In the Clerk's Office of the District Court for the Southern District of New York.

[Illustration: DADDY HALL'S DONKEY.]


CHAPTER I. Uncle Harvey's Parlor

CHAPTER II. The Evening Walk

CHAPTER III. A Visit to Daddy Hall

CHAPTER IV. The Walk through the Woods

CHAPTER V. What Uncle Harvey said about Rain

CHAPTER VI. How Thomas killed a Hawk


CHAPTER VIII. The Walk to the Creek

CHAPTER IX. The Hard Battle

CHAPTER X. About Corn and the uses of Animals



CHAPTER XIII. The Return Home




Mr. Harvey's two sons, Thomas and John, were very anxious for their cousin, Samuel Reed, to spend the August holidays with them. His father said that he might; and when school was closed for the season, Samuel bade his father good bye, and was soon in the carriage, driving toward Uncle Harvey's country seat.
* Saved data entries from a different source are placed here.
lemma matching_of_four_containing_edge:
  assumes "simple_graph V E" "matching E M" "\<Union>M = {a, b, c, d}" "distinct [a, b, c, d]"
    and "{a, b} \<in> M"
  shows "M = {{a, b}, {c, d}}"
proof -
  have disj: "\<And>f g. f \<in> M \<Longrightarrow> g \<in> M \<Longrightarrow> f \<noteq> g \<Longrightarrow> f \<inter> g = {}"
    using \<open>matching E M\<close> unfolding matching_def by blast
  have edges: "M \<subseteq> E" using \<open>matching E M\<close> unfolding matching_def by blast
  obtain f where "f \<in> M" "c \<in> f" using \<open>\<Union>M = {a, b, c, d}\<close> by blast
  then obtain z where f: "f = {c, z}" "z \<noteq> c"
    using edges simple_graph_edge_throughE[OF \<open>simple_graph V E\<close>] by blast
  have "f \<inter> {a, b} = {}" using disj[OF \<open>f \<in> M\<close> \<open>{a, b} \<in> M\<close>] \<open>c \<in> f\<close> assms(4) by auto
  moreover have "z \<in> {a, b, c, d}" using \<open>f \<in> M\<close> f \<open>\<Union>M = {a, b, c, d}\<close> by blast
  ultimately have "f = {c, d}" using f by auto
  moreover have "{} \<notin> M" using edges simple_graph_edgeE[OF \<open>simple_graph V E\<close>] by blast
  ultimately show ?thesis
    using pairwise_disjoint_cover_eq[of M, OF disj _ \<open>{a, b} \<in> M\<close> \<open>f \<in> M\<close>] \<open>\<Union>M = {a, b, c, d}\<close>
    by auto
qed

lemma perfect_matchings_of_four:
  assumes "simple_graph V E" "matching E M" "\<Union>M = {a, b, c, d}" "distinct [a, b, c, d]"
  shows "M = {{a, b}, {c, d}} \<or> M = {{a, c}, {b, d}} \<or> M = {{a, d}, {b, c}}"
proof -
  obtain f where "f \<in> M" "a \<in> f" using \<open>\<Union>M = {a, b, c, d}\<close> by blast
  moreover have "f \<in> E" using \<open>f \<in> M\<close> assms(2) unfolding matching_def by blast
  ultimately obtain y where y: "{a, y} \<in> M" "y \<noteq> a"
    using simple_graph_edge_throughE[OF assms(1)] by metis
  then have "y \<in> {a, b, c, d}" using \<open>\<Union>M = {a, b, c, d}\<close> by blast
  with y consider "{a, b} \<in> M" | "{a, c} \<in> M" | "{a, d} \<in> M" by blast
  then show ?thesis
  proof cases
    case 1
    from matching_of_four_containing_edge[OF assms 1] show ?thesis by blast
  next
    case 2
    have "\<Union>M = {a, c, b, d}" "distinct [a, c, b, d]" using assms(3,4) by auto
    from matching_of_four_containing_edge[OF assms(1,2) this 2] show ?thesis by blast
  next
    case 3
    have "\<Union>M = {a, d, b, c}" "distinct [a, d, b, c]" using assms(3,4) by auto
    from matching_of_four_containing_edge[OF assms(1,2) this 3] show ?thesis by blast
  qed
qed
The boys had not seen each other since New Year's day. It was a happy meeting when Samuel jumped out of the carriage, by the gate leading from the main road up to Mr. Harvey's house; for there his uncle, and two cousins, were waiting for him. Thomas and John, each grasped a hand, while their father led the way to the house. "We were afraid you were not coming," said John. "How tall you have grown since Christmas," exclaimed Thomas. "Were you not tired of being in the hot city such weather as this?" Samuel said that he was; and then they all entered the house, while the driver brought in Samuel's baggage.

It was about five o'clock in the afternoon when Samuel reached his uncle's house. He was taken into a small parlor, which opened upon a garden where many flowers were in bloom. It was a warm day, but this room was cool and fragrant; and on the table were several plates of fruit, and some cakes, which his uncle caused to be placed there, so that he might eat some as soon as he arrived, While Samuel was eating some of them John said:

"We are so glad you have come, Samuel. Last winter you could see nothing but snow."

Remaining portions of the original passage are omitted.